**WHAT THE TASK ASKS:**
Which of the lines below contain the string "self"? Copy each one.

Collected data
##########

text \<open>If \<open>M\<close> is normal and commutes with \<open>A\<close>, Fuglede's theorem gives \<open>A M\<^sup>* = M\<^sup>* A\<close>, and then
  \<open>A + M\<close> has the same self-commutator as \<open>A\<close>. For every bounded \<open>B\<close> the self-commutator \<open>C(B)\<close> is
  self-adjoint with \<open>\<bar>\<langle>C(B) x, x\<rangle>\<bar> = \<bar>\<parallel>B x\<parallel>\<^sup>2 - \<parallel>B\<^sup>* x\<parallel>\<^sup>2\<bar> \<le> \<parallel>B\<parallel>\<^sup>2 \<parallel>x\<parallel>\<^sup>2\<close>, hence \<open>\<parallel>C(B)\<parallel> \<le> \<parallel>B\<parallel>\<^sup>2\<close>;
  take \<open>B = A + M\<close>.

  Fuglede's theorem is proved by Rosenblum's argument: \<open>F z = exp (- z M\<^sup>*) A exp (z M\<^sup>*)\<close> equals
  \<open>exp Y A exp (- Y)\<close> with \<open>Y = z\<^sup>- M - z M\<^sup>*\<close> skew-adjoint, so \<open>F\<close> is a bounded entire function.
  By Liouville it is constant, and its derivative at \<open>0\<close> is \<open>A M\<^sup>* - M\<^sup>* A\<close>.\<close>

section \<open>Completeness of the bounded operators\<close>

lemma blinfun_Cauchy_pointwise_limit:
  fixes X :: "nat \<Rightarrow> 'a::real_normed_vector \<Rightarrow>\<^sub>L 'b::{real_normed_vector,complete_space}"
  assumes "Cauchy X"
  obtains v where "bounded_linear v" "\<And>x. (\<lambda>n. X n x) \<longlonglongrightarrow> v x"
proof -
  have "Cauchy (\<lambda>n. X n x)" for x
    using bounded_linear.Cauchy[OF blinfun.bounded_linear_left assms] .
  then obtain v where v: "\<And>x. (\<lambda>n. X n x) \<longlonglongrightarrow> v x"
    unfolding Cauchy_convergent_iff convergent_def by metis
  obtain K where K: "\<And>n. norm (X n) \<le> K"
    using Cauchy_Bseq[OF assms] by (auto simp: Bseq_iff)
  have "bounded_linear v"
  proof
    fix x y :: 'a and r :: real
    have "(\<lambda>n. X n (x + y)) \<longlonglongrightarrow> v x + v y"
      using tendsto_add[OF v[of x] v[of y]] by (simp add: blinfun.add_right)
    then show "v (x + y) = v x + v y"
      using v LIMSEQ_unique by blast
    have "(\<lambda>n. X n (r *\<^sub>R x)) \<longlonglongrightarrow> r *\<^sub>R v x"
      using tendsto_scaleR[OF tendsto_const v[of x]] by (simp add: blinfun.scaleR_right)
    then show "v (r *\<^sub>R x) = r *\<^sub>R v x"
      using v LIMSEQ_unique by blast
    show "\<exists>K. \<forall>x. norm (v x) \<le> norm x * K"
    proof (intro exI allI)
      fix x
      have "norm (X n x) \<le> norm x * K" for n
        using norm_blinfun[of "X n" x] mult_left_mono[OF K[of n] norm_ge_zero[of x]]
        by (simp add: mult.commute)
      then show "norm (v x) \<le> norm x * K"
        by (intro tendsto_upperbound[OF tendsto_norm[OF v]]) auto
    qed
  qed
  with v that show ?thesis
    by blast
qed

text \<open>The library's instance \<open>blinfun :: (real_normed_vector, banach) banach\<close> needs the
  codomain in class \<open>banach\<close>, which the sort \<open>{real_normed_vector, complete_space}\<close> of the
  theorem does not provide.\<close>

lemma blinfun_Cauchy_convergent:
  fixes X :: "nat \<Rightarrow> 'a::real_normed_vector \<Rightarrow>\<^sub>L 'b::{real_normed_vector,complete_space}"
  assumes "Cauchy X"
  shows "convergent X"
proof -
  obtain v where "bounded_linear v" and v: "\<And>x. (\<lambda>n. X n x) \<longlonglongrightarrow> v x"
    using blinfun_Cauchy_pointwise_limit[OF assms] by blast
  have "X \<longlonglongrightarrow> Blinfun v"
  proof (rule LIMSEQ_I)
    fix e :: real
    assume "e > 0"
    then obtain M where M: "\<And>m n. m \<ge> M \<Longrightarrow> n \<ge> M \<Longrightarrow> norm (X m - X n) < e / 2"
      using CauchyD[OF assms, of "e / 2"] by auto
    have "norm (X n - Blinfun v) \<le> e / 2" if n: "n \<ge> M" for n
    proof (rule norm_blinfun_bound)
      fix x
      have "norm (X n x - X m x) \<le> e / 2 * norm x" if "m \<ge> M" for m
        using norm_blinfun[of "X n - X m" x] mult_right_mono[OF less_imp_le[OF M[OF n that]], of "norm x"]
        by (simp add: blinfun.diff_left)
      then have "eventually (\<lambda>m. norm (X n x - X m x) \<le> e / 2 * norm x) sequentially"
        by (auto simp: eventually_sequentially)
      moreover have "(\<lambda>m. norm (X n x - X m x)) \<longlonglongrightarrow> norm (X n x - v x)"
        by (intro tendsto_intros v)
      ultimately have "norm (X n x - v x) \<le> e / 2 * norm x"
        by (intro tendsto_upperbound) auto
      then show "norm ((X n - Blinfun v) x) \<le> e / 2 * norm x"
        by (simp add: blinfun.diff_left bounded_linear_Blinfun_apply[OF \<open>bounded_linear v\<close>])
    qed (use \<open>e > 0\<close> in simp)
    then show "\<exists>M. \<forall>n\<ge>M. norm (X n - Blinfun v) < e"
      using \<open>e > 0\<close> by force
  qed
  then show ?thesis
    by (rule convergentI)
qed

##########

**THE COMPLETED TASK:**
  \<open>A + M\<close> has the same self-commutator as \<open>A\<close>. For every bounded \<open>B\<close> the self-commutator \<open>C(B)\<close> is
  self-adjoint with \<open>\<bar>\<langle>C(B) x, x\<rangle>\<bar> = \<bar>\<parallel>B x\<parallel>\<^sup>2 - \<parallel>B\<^sup>* x\<parallel>\<^sup>2\<bar> \<le> \<parallel>B\<parallel>\<^sup>2 \<parallel>x\<parallel>\<^sup>2\<close>, hence \<open>\<parallel>C(B)\<parallel> \<le> \<parallel>B\<parallel>\<^sup>2\<close>;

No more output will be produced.